DATA UNDER STUDY:

-----

lemma locally_closed_no_separation:
  assumes X: "locally_closed V X" and parts: "X = A \<union> B" and "A \<noteq> {}" "B \<noteq> {}"
  shows "\<exists>a\<in>A. \<exists>b\<in>B. 2 \<le> card (a \<inter> b)"
proof (rule ccontr)
  assume no_edge: "\<not> ?thesis"
  have "locally_closed V A"
    by (rule locally_closed_subfamily[OF X]) (use parts no_edge in auto)
  moreover have "locally_closed V B"
  proof (rule locally_closed_subfamily[OF X])
    fix s u assume "s \<in> B" "u \<in> X" "2 \<le> card (s \<inter> u)"
    then have "2 \<le> card (u \<inter> s)" by (simp add: Int_commute)
    then show "u \<in> B" using parts no_edge \<open>s \<in> B\<close> \<open>u \<in> X\<close> by blast
  qed (use parts in blast)
  ultimately show False
    using locally_closed_share_edge[OF _ _ \<open>A \<noteq> {}\<close> \<open>B \<noteq> {}\<close>] no_edge by blast
qed

lemma locally_closed_bridge:
  assumes X: "locally_closed V X" and x: "x \<in> X" and parts: "X - {x} = A \<union> B"
    and no_edge: "\<And>a b. a \<in> A \<Longrightarrow> b \<in> B \<Longrightarrow> card (a \<inter> b) < 2"
    and u: "u \<in> A" "u \<subseteq> insert p x" "p \<notin> x"
    and v: "v \<in> B" "v \<subseteq> insert q x" "q \<in> v" "q \<notin> x"
    and "p \<noteq> q"
  obtains w where "w \<in> A" "p \<in> w" "q \<in> w"
proof -
  have uX: "u \<in> X" and vX: "v \<in> X" using parts u v by blast+
  note u3 = locally_closedD[OF X uX] and v3 = locally_closedD[OF X vX]
  have "q \<in> V - u" using u v v3 \<open>p \<noteq> q\<close> by blast
  obtain w where w: "w \<in> X" "w \<noteq> u" "w \<subseteq> insert q u" "q \<in> w"
    by (rule locally_closed_new_vertex[OF X uX \<open>q \<in> V - u\<close>])
  note w3 = locally_closedD[OF X w(1)]
  have "2 \<le> card (u \<inter> w)"
    by (rule two_le_card_Int_in_insert[OF u3(3,2) subset_insertI w(3) u3(2) w3(2)])
  moreover have "w \<noteq> x" using w v by blast
  ultimately have "w \<in> A" using parts w(1) no_edge[OF u(1)] by fastforce
  moreover have "p \<in> w"
  proof (rule ccontr)
    assume "p \<notin> w"
    then have "w \<subseteq> insert q x" using w u by blast
    then have "2 \<le> card (w \<inter> v)"
      using two_le_card_Int_in_insert[of x w q v] locally_closedD[OF X x] v w3 v3 by simp
    then show False using no_edge[OF \<open>w \<in> A\<close> v(1)] by simp
  qed
  ultimately show thesis using w(4) that by blast
qed

lemma locally_closed_common_neighbour:
  assumes X: "locally_closed V X" and x: "x \<in> X" and parts: "X - {x} = A \<union> B"
    and no_edge: "\<And>a b. a \<in> A \<Longrightarrow> b \<in> B \<Longrightarrow> card (a \<inter> b) < 2"
    and u: "u \<in> A" "2 \<le> card (u \<inter> x)" and v: "v \<in> B" "2 \<le> card (v \<inter> x)"
  shows False
proof -
  have no_edge': "card (b \<inter> a) < 2" if "b \<in> B" "a \<in> A" for a b
    using no_edge[OF that(2,1)] by (simp add: Int_commute)
  have parts': "X - {x} = B \<union> A" using parts by blast
  note x3 = locally_closedD[OF X x]
  have "u \<in> X" "u \<noteq> x" "v \<in> X" "v \<noteq> x" using parts u v by blast+
  obtain p where p: "p \<in> u" "p \<notin> x" "u \<subseteq> insert p x"
    by (rule subset_insert_if_two_le_card_Int[OF x3(3) locally_closedD(2)[OF X \<open>u \<in> X\<close>]
          x3(2) u(2) \<open>u \<noteq> x\<close>])
  obtain q where q: "q \<in> v" "q \<notin> x" "v \<subseteq> insert q x"
    by (rule subset_insert_if_two_le_card_Int[OF x3(3) locally_closedD(2)[OF X \<open>v \<in> X\<close>]
          x3(2) v(2) \<open>v \<noteq> x\<close>])
  have "p \<noteq> q"
  proof
    assume "p = q"
    then have "2 \<le> card (u \<inter> v)"
      using two_le_card_Int_in_insert[OF x3(3,2) p(3)] q(3) locally_closedD(2)[OF X]
        \<open>u \<in> X\<close> \<open>v \<in> X\<close> by simp
    then show False using no_edge[OF u(1) v(1)] by simp
  qed
  obtain w where w: "w \<in> A" "p \<in> w" "q \<in> w"
    by (rule locally_closed_bridge[OF X x parts no_edge u(1) p(3,2) v(1) q(3,1,2) \<open>p \<noteq> q\<close>])
  obtain w' where w': "w' \<in> B" "q \<in> w'" "p \<in> w'"
    by (rule locally_closed_bridge[OF X x parts' no_edge' v(1) q(3,2) u(1) p(3,1,2)
          not_sym[OF \<open>p \<noteq> q\<close>]])
  have "2 \<le> card (w \<inter> w')"
    using two_le_card_Int[of w p w' q] w w' \<open>p \<noteq> q\<close> locally_closedD(3)[OF X] parts by blast
  then show False using no_edge[OF w(1) w'(1)] by simp
qed

lemma locally_closed_cut_vertex_apart:
  assumes X: "locally_closed V X" and x: "x \<in> X" and parts: "X - {x} = A \<union> B"
    and "A \<noteq> {}" "B \<noteq> {}"
    and no_edge: "\<And>a b. a \<in> A \<Longrightarrow> b \<in> B \<Longrightarrow> card (a \<inter> b) < 2"
    and apart: "\<And>b. b \<in> B \<Longrightarrow> card (b \<inter> x) < 2"
  shows False
proof -
  have "X = insert x A \<union> B" using parts x by blast
  with locally_closed_no_separation[OF X] \<open>A \<noteq> {}\<close> \<open>B \<noteq> {}\<close>
  obtain a b where ab: "a \<in> insert x A" "b \<in> B" "2 \<le> card (a \<inter> b)" by blast
  have "card (a \<inter> b) < 2"
  proof (cases "a = x")
    case True
    with apart[OF ab(2)] show ?thesis by (simp add: Int_commute)
  qed (use ab no_edge in blast)
  with ab(3) show False by simp
qed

-----

WHAT IS REQUIRED: Out of the material above, output word for word the line with "note u3 = locally_closedD[OF", the line with "w v by blast", and all lines between them, with nothing else.

RESULT BELOW:
  note u3 = locally_closedD[OF X uX] and v3 = locally_closedD[OF X vX]
  have "q \<in> V - u" using u v v3 \<open>p \<noteq> q\<close> by blast
  obtain w where w: "w \<in> X" "w \<noteq> u" "w \<subseteq> insert q u" "q \<in> w"
    by (rule locally_closed_new_vertex[OF X uX \<open>q \<in> V - u\<close>])
  note w3 = locally_closedD[OF X w(1)]
  have "2 \<le> card (u \<inter> w)"
    by (rule two_le_card_Int_in_insert[OF u3(3,2) subset_insertI w(3) u3(2) w3(2)])
  moreover have "w \<noteq> x" using w v by blast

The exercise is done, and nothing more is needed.